■ YOUR GOAL: Return every line from the records below with the string "then".

■ GIVEN RECORDS:
- - -
(* Let $\mathcal{X}=\{x_k\}_{k=1}^\infty$ be a frame for the real Hilbert space $\ell_2$. The following are equivalent: (1) $\mathcal{X}$ is injective; (2) $\overline{\mathrm{span}}\{\tilde{x}_k\}_{k=1}^\infty=\tilde{\mathbb{H}}$.
   Context: A family $\{x_k\}$ is called injective if whenever a Hilbert–Schmidt self-adjoint operator $T$ on $\ell_2$ satisfies $\langle Tx_k,x_k\rangle=0$ for all $k$, then $T=0$. Let $\tilde{\mathbb{H}}=\left(\sum_{i=1}^\infty\oplus\ell_2\right)_{\ell_2}$ be the $\ell_2$-direct sum of countably many copies of real $\ell_2$, with elements $\vec{x}=(\vec{x}_1,\vec{x}_2,\dots)$ and inner product $\langle\vec{x},\vec{y}\rangle=\sum_i\langle\vec{x}_i,\vec{y}_i\rangle$. For $x=(x_i)_{i=1}^\infty\in\ell_2$ (real), define $\tilde{x}=(\vec{x}_1,\vec{x}_2,\dots)\in\tilde{\mathbb{H}}$ where $\vec{x}_n=(x_nx_n,x_nx_{n+1},x_nx_{n+2},\dots)$ for each $n$. *)

theory Defs
  imports "HOL-Analysis.Analysis"
begin

definition l2 :: "(nat \<Rightarrow> real) set" where
  "l2 = {x. summable (\<lambda>i. (x i)\<^sup>2)}"

definition l2_inner :: "(nat \<Rightarrow> real) \<Rightarrow> (nat \<Rightarrow> real) \<Rightarrow> real" where
  "l2_inner x y = (\<Sum>i. x i * y i)"

definition l2_norm :: "(nat \<Rightarrow> real) \<Rightarrow> real" where
  "l2_norm x = sqrt (\<Sum>i. (x i)\<^sup>2)"

definition unit_vec :: "nat \<Rightarrow> nat \<Rightarrow> real" where
  "unit_vec j = (\<lambda>i. if i = j then 1 else 0)"

definition is_frame :: "(nat \<Rightarrow> (nat \<Rightarrow> real)) \<Rightarrow> bool" where
  "is_frame xs \<longleftrightarrow> (\<forall>k. xs k \<in> l2) \<and>
     (\<exists>A B. 0 < A \<and> 0 < B \<and>
       (\<forall>y\<in>l2. summable (\<lambda>k. (l2_inner y (xs k))\<^sup>2) \<and>
                A * (l2_norm y)\<^sup>2 \<le> (\<Sum>k. (l2_inner y (xs k))\<^sup>2) \<and>
                (\<Sum>k. (l2_inner y (xs k))\<^sup>2) \<le> B * (l2_norm y)\<^sup>2))"

text \<open>Bounded linear operators on l2 (only their values on l2 matter).\<close>
definition bounded_linear_l2 :: "((nat \<Rightarrow> real) \<Rightarrow> (nat \<Rightarrow> real)) \<Rightarrow> bool" where
  "bounded_linear_l2 T \<longleftrightarrow>
     (\<forall>x\<in>l2. T x \<in> l2) \<and>
     (\<forall>x\<in>l2. \<forall>y\<in>l2. \<forall>a b::real.
         T (\<lambda>i. a * x i + b * y i) = (\<lambda>i. a * T x i + b * T y i)) \<and>
     (\<exists>C. \<forall>x\<in>l2. l2_norm (T x) \<le> C * l2_norm x)"

definition hilbert_schmidt_l2 :: "((nat \<Rightarrow> real) \<Rightarrow> (nat \<Rightarrow> real)) \<Rightarrow> bool" where
  "hilbert_schmidt_l2 T \<longleftrightarrow> bounded_linear_l2 T \<and>
     summable (\<lambda>j. (l2_norm (T (unit_vec j)))\<^sup>2)"

definition self_adjoint_l2 :: "((nat \<Rightarrow> real) \<Rightarrow> (nat \<Rightarrow> real)) \<Rightarrow> bool" where
  "self_adjoint_l2 T \<longleftrightarrow> (\<forall>x\<in>l2. \<forall>y\<in>l2. l2_inner (T x) y = l2_inner x (T y))"

definition injective_family :: "(nat \<Rightarrow> (nat \<Rightarrow> real)) \<Rightarrow> bool" where
  "injective_family xs \<longleftrightarrow>
     (\<forall>T. hilbert_schmidt_l2 T \<and> self_adjoint_l2 T \<and>
          (\<forall>k. l2_inner (T (xs k)) (xs k) = 0) \<longrightarrow> (\<forall>x\<in>l2. T x = (\<lambda>i. 0)))"

definition Htilde :: "(nat \<Rightarrow> nat \<Rightarrow> real) set" where
  "Htilde = {X. (\<forall>n. X n \<in> l2) \<and> summable (\<lambda>n. (l2_norm (X n))\<^sup>2)}"

definition Htilde_norm :: "(nat \<Rightarrow> nat \<Rightarrow> real) \<Rightarrow> real" where
  "Htilde_norm X = sqrt (\<Sum>n. (l2_norm (X n))\<^sup>2)"

definition tilde :: "(nat \<Rightarrow> real) \<Rightarrow> nat \<Rightarrow> nat \<Rightarrow> real" where
  "tilde x = (\<lambda>n m. x n * x (n + m))"

definition closed_span_Htilde :: "(nat \<Rightarrow> (nat \<Rightarrow> nat \<Rightarrow> real)) \<Rightarrow> (nat \<Rightarrow> nat \<Rightarrow> real) set" where
  "closed_span_Htilde V = {Y \<in> Htilde. \<forall>\<epsilon>>0. \<exists>F c. finite F \<and>
       Htilde_norm (\<lambda>n m. Y n m - (\<Sum>k\<in>F. c k * V k n m)) < \<epsilon>}"

end

(*
  A self-adjoint Hilbert-Schmidt operator T on l2 is given by a symmetric matrix M with
  square-summable rows, and its quadratic form only involves the upper triangle of M:
    <T x, x> = sum_n sum_m c_m M(n, n+m) x_n x_(n+m),   c_0 = 1 and c_m = 2 for m > 0.
  This is the Htilde inner product of tilde x with Y(n, m) = c_m M(n, n+m), and M <-> Y is a
  bijection between such matrices and Htilde. So the family is injective iff no nonzero
  vector of Htilde is orthogonal to every tilde x_k, which in the Hilbert space Htilde
  (realised as l2 of l2) says exactly that the tilde x_k have dense span.
*)

theory Submission
  imports Defs
begin

section \<open>Square-summable sequences in a real inner product space\<close>

definition square_summable :: "(nat \<Rightarrow> 'a::real_normed_vector) set" where
  "square_summable = {f. summable (\<lambda>n. (norm (f n))\<^sup>2)}"

lemma norm_add_square_le:
  fixes a b :: "'a::real_normed_vector"
  shows "(norm (a + b))\<^sup>2 \<le> 2 * (norm a)\<^sup>2 + 2 * (norm b)\<^sup>2"
proof -
  have "(norm (a + b))\<^sup>2 \<le> (norm a + norm b)\<^sup>2"
    by (rule power_mono[OF norm_triangle_ineq]) simp
  also have "\<dots> \<le> 2 * (norm a)\<^sup>2 + 2 * (norm b)\<^sup>2"
    using sum_squares_bound[of "norm a" "norm b"] by (simp add: power2_sum)
  finally show ?thesis .
qed

lemma square_summable_add:
  assumes "f \<in> square_summable" "g \<in> square_summable"
  shows "(\<lambda>n. f n + g n) \<in> square_summable"
proof -
  have "summable (\<lambda>n. 2 * (norm (f n))\<^sup>2 + 2 * (norm (g n))\<^sup>2)"
    using assms unfolding square_summable_def by (intro summable_add summable_mult) auto
  then show ?thesis
    unfolding square_summable_def mem_Collect_eq
    by (rule summable_comparison_test'[where N = 0]) (simp add: norm_add_square_le)
qed

lemma square_summable_scaleR: "f \<in> square_summable \<Longrightarrow> (\<lambda>n. c *\<^sub>R f n) \<in> square_summable"
  unfolding square_summable_def by (simp add: power_mult_distrib summable_mult)

lemma square_summable_uminus: "f \<in> square_summable \<Longrightarrow> (\<lambda>n. - f n) \<in> square_summable"
  unfolding square_summable_def by simp

lemma square_summable_diff:
  "f \<in> square_summable \<Longrightarrow> g \<in> square_summable \<Longrightarrow> (\<lambda>n. f n - g n) \<in> square_summable"
  using square_summable_add[of f "\<lambda>n. - g n"] square_summable_uminus[of g] by simp
lemma lm_pred: "x \<in> HL xs t \<Longrightarrow> 2 \<le> t \<Longrightarrow> pred xs (lm xs x) x"
  unfolding lm_def HL_def by (rule LeastI_ex, rule pred_exists) auto

lemma un_ge: "j < x \<Longrightarrow> RL xs j = RL xs x - 1 \<Longrightarrow> j \<le> un xs x"
  unfolding un_def by (rule Greatest_le_nat[where b = x]) auto

lemma un_pred:
  assumes "x \<in> HL xs t" "2 \<le> t"
  shows "pred xs (un xs x) x"
proof -
  obtain j where j: "pred xs j x"
    using pred_exists assms unfolding HL_def by blast
  then have "j < x" and j_RL: "RL xs j = RL xs x - 1"
    by (simp_all add: pred_def compatible_def)
  have un: "un xs x < x \<and> RL xs (un xs x) = RL xs x - 1"
    unfolding un_def
    by (rule GreatestI_nat[where k = j and b = x]) (use \<open>j < x\<close> j_RL in simp_all)
  have "j \<le> un xs x"
    using \<open>j < x\<close> j_RL by (rule un_ge)
  moreover have "j \<in> HL xs (t - 1)" "un xs x \<in> HL xs (t - 1)"
    using pred_in_HL[OF assms(1) j] un assms(1) by (auto simp: HL_def)
  ultimately have "xs ! un xs x \<le> xs ! j"
    using HL_antimono by blast
  with j un show ?thesis
    by (auto simp: pred_def compatible_def)
qed

lemma lm_in_HL: "x \<in> HL xs t \<Longrightarrow> 2 \<le> t \<Longrightarrow> lm xs x \<in> HL xs (t - 1)"
  using pred_in_HL lm_pred by blast

lemma un_in_HL: "x \<in> HL xs t \<Longrightarrow> 2 \<le> t \<Longrightarrow> un xs x \<in> HL xs (t - 1)"
  using pred_in_HL un_pred by blast

lemma lm_mono:
  assumes x: "x \<in> HL xs t" and y: "y \<in> HL xs t" and "2 \<le> t" "xs ! x \<le> xs ! y"
  shows "xs ! lm xs x \<le> xs ! lm xs y"
proof -
  have px: "pred xs (lm xs x) x" and py: "pred xs (lm xs y) y"
    using lm_pred assms by blast+
  have "lm xs y \<le> lm xs x"
  proof (cases "lm xs x < y")
    case True
    with px assms(4) have "pred xs (lm xs x) y"
      using x y by (auto simp: pred_def compatible_def HL_def)
    then show ?thesis by (rule lm_le)
  next
    case False
    with py show ?thesis by (auto simp: pred_def compatible_def)
  qed
  then show ?thesis
    using HL_antimono lm_in_HL assms(1-3) by blast
qed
- - -
■ EXERCISE OUTPUT:
   Context: A family $\{x_k\}$ is called injective if whenever a Hilbert–Schmidt self-adjoint operator $T$ on $\ell_2$ satisfies $\langle Tx_k,x_k\rangle=0$ for all $k$, then $T=0$. Let $\tilde{\mathbb{H}}=\left(\sum_{i=1}^\infty\oplus\ell_2\right)_{\ell_2}$ be the $\ell_2$-direct sum of countably many copies of real $\ell_2$, with elements $\vec{x}=(\vec{x}_1,\vec{x}_2,\dots)$ and inner product $\langle\vec{x},\vec{y}\rangle=\sum_i\langle\vec{x}_i,\vec{y}_i\rangle$. For $x=(x_i)_{i=1}^\infty\in\ell_2$ (real), define $\tilde{x}=(\vec{x}_1,\vec{x}_2,\dots)\in\tilde{\mathbb{H}}$ where $\vec{x}_n=(x_nx_n,x_nx_{n+1},x_nx_{n+2},\dots)$ for each $n$. *)
  "unit_vec j = (\<lambda>i. if i = j then 1 else 0)"
  then show ?thesis
  then have "j < x" and j_RL: "RL xs j = RL xs x - 1"
    then show ?thesis by (rule lm_le)
  then show ?thesis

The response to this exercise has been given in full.